Debates on South Korea’s comprehensive Digital Asset Basic Act have spilled into 2026 with no end in sight as regulators continue to clash over who should control stablecoin issuance and how far major cryptocurrency exchanges should be regulated.
Lee Eog-weon, the Financial Services Commission (FSC) chair, had promised that the second-phase virtual asset legislation would be ready by the end of last year. However, divisions between the FSC, the Bank of Korea, industry participants, and political parties have pushed implementation into the new year, with no clear timeline for resolution.
What is South Korea’s disagreement about stablecoins?
The Bank of Korea also wants the issuance of won-pegged stablecoins to be dominated by banks, with Governor Rhee Chang-yong stating that the structure will help to prevent monetary policy complications and risks.
The FSC does not share the same position with the Bank of Korea on this matter, as it calls for a more inclusive authorization system that would allow fintech companies and other approved entities to participate in the stablecoin market.
Industry groups want more participation for fintechs, stating that excessive bank control will yield the adverse effect of stifling innovation. They say this will in turn affect South Korea’s ability to compete on the international stage as global digital payment systems advance.
The proposed legislation would require stablecoin issuers to maintain reserves that are over 100% of their circulating supply. This reserve will be held exclusively in bank deposits or government bonds and must not be part of the issuer’s balance sheet.
The draft also introduces no-fault liability for digital asset operators, making them responsible for user losses even when there’s no proof of negligence.
Exchange ownership caps draws opposition
A separate proposal that is being contested would see a cap on individual voting shares in major exchanges at 15% to 20%.
The FSC argues that concentrated ownership allows founders to exercise excessive control and capture disproportionate profits from transaction fees.
The restrictions will mean that those who own significant stakes in the affected companies that exceed 20% may have to divest some of their holdings.
Industry critics warn the caps could violate property rights, destabilize management structures, and deter investment at a time when South Korean exchanges are faced with more competition.
What are the implications if this bill continues to lag?
The legislative impasse has blocked progress on related initiatives.
Plans to launch spot Bitcoin exchange-traded funds, announced as part of the government’s 2026 economic growth strategy, cannot proceed without digital assets being recognized as underlying securities under the second-phase law.

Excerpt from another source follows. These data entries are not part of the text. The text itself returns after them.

lemma index_permutation:
  fixes c p p' q q' :: 6
  assumes "distinct [1, c, p, p', q, q']"
  obtains \<tau> :: "6 \<Rightarrow> 6" where "bij \<tau>" "\<tau> 1 = 1" "\<tau> 2 = c" "\<tau> 3 = p" "\<tau> 4 = p'" "\<tau> 5 = q" "\<tau> 0 = q'"
proof -
  define \<tau> where "\<tau> j = (if j = 1 then 1 else if j = 2 then c else if j = 3 then p
                          else if j = 4 then p' else if j = 5 then q else q')" for j :: 6
  have \<tau>_values: "\<tau> 1 = 1" "\<tau> 2 = c" "\<tau> 3 = p" "\<tau> 4 = p'" "\<tau> 5 = q" "\<tau> 0 = q'"
    unfolding \<tau>_def by simp_all
  have "\<forall>j j'. \<tau> j = \<tau> j' \<longrightarrow> j = j'"
    using assms unfolding all_6 \<tau>_values by auto
  then have "inj \<tau>" by (blast intro: injI)
  then have "bij \<tau>" by (simp add: bij_def finite_UNIV_inj_surj)
  then show ?thesis using that \<tau>_values by blast
qed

Korea Exchange has declared itself ready to list and trade crypto ETFs, but regulatory uncertainty continues to delay its fruition.
A pilot program allowing approximately 3,500 corporations to transact in virtual assets, originally scheduled for the second half of last year, has similarly stalled. Financial authorities say they will only consider corporate access after implementing the broader legislative framework.
These delays come as other jurisdictions advance. The US approved spot Bitcoin ETFs in January 2024 and passed the GENIUS Act, its legislation on stablecoins in 2025. Hong Kong enacted stablecoin legislation in August 2025, while Japan launched its first yen-backed stablecoin in October.
The People Power Party plans to introduce a separate second-phase bill through a special committee, suggesting that all National Assembly deliberations will only begin once that legislation is tabled.